Data retrieval is done by special processes using the Twitter Application Programming Interface (API).
Data taken in Indonesian. On the Twitter API, users can access tweet data to process and analyze
information from Twitter. The process in question is to create a Consumer Key, Consumer Secret, Access
Token, and Access Token Secret that will function as a key so that the application that will be made can
be known by Twitter. After getting the four keys above, then take the tweet data and save it to Excel
format Comma Separated Value (CSV). The tweet data is collected from January 29, 2019 to March 30,
2019.
The steps of the analysis that will be carried out in this study are presented as follows.
a. Open the https://appstwitter.com page and then sign in to your personal Twitter account.
b. Create an API application with a clear name and purpose. This is to give an explanation on Twitter
about what data retrieval was done.
c. Make arrangements and get the Consumer Key, Consumer Secret, Access Token, and Access Token
Secret codes that are used as key data collection requirements.

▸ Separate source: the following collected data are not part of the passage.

lemma dual_edge_boundary_vertexE:
  assumes "w \<in> \<Union>(dual_edge ` edge_boundary V)"
  obtains s f where "w = square_centre s" "f \<in> edge_boundary V \<inter> square_edges s"
proof -
  obtain f where f: "f \<in> edge_boundary V" "w \<in> dual_edge f"
    using assms by blast
  moreover have "f \<in> E2"
    using f(1) edge_boundary_subset_E2 by blast
  ultimately show ?thesis
    using that by (blast elim: dual_edge_vertexE)
qed

lemma graph_degree_dual_edge_boundary:
  assumes "lattice_connected V" "lattice_connected (- V)" "w \<in> \<Union>(dual_edge ` edge_boundary V)"
  shows "graph_degree (dual_edge ` edge_boundary V) w = 2"
proof -
  obtain s f where "w = square_centre s" "f \<in> edge_boundary V \<inter> square_edges s"
    using assms(3) by (rule dual_edge_boundary_vertexE)
  then show ?thesis
    using graph_degree_dual_edges[OF edge_boundary_subset_E2]
      card_edge_boundary_square_eq_2[OF assms(1,2), of s] by auto
qed

lemma dual_edges_link_square_centres:
  assumes "F \<subseteq> E2" "f \<in> F" "f \<in> square_edges s" "f \<in> square_edges s'"
  shows "(\<lambda>x y. {x, y} \<in> dual_edge ` F)\<^sup>*\<^sup>* (square_centre s) (square_centre s')"
proof (cases "s = s'")
  case False
  then have "dual_edge f = {square_centre s, square_centre s'}"
    using assms by (intro dual_edge_eq_square_centres) auto
  then show ?thesis
    using assms(2) by (metis image_eqI r_into_rtranclp)
qed simp

text \<open>The boundary edges reachable in the dual graph from one square meet every square in none
  or all of its boundary edges, hence in an even number; so they form the whole boundary.\<close>

lemma dual_edge_boundary_reachable:
  assumes "lattice_connected V" "lattice_connected (- V)"
    and "e0 \<in> edge_boundary V \<inter> square_edges s0" "f \<in> edge_boundary V \<inter> square_edges s"
  shows "(\<lambda>x y. {x, y} \<in> dual_edge ` edge_boundary V)\<^sup>*\<^sup>* (square_centre s0) (square_centre s)"
proof -
  define F where "F = edge_boundary V"
  define R where "R = (\<lambda>x y. {x, y} \<in> dual_edge ` F)\<^sup>*\<^sup>*"
  have link: "R (square_centre s) (square_centre s')"
    if "f \<in> F" "f \<in> square_edges s" "f \<in> square_edges s'" for f s s'
    using dual_edges_link_square_centres[OF _ that] edge_boundary_subset_E2 unfolding F_def R_def by blast
  have R_trans: "R x z" if "R x y" "R y z" for x y z
    using that unfolding R_def by (rule rtranclp_trans)
  define A where "A = {f \<in> F. \<exists>s. f \<in> square_edges s \<and> R (square_centre s0) (square_centre s)}"
  have "A \<inter> square_edges s = (if R (square_centre s0) (square_centre s) then F \<inter> square_edges s else {})"
    for s
  proof (cases "R (square_centre s0) (square_centre s)")
    case False
    have "f \<notin> A" if "f \<in> square_edges s" for f
    proof
      assume "f \<in> A"
      then obtain s' where "f \<in> F" "f \<in> square_edges s'" "R (square_centre s0) (square_centre s')"
        unfolding A_def by blast
      then show False
        using False link[of f s' s] that R_trans by blast
    qed
    then show ?thesis using False by auto
  qed (auto simp: A_def simp del: split_paired_Ex)
  then have "even (card (A \<inter> square_edges s))" for s
    using even_card_edge_boundary_square[of V s] unfolding F_def by simp
  moreover have "e0 \<in> A"
    using assms(3) unfolding A_def R_def F_def by blast
  ultimately have "A = F"
    using even_squares_subset_edge_boundary_eq[OF assms(1,2), of A] unfolding F_def A_def by blast
  then obtain s' where "f \<in> square_edges s'" "R (square_centre s0) (square_centre s')"
    using assms(4) unfolding A_def F_def by blast
  then show ?thesis
    using link[of f s' s] assms(4) R_trans unfolding F_def R_def by blast
qed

2. Preprocessing as preprocessing is needed to avoid data that is not yet ready for processing, such as:
imperfect data, noise in the data, and inconsistent data (Hemalatha, 2012). The preprocessing stages in
this text data are:
a. Deleting tweet data that does not contain sentiments, and also which contains two sentiments at
once.
b. Delete the words "RT" which are symbols of retweet or response tweets.
e. Do a folding case in the form of homogenizing each text into non-capital letters.
g. Perform tokenizing, which is solving tweet sentences into words per word.
a. Calculates the probability of Vj in training data with equation (2.3), where Vj is a sentiment category,
namely V1 = negative, and V2 = positive.
c. The NBC probability model is stored and used for the data testing stage.
d. Calculates the highest probability of the tested sentiment category (VMAP) with equation (2.1).
e. Look for the maximum VMAP value and enter the tweet in the category with the maximum VMAP.
5. The classification of sentiment data uses the Support Vector Machine (SVM) method for each
account.
a. Determine the weighting parameter in SVM and build the SVM model.
6. Forming clusters based on words or terms that appear on negative and positive sentiment tweets to
find out specific topic topics discussed from news tweets.
a. Separating negative sentiment data and positive sentiment data from the initial data.
d. Check the most words in each cluster that form a specific term phrase that is often discussed.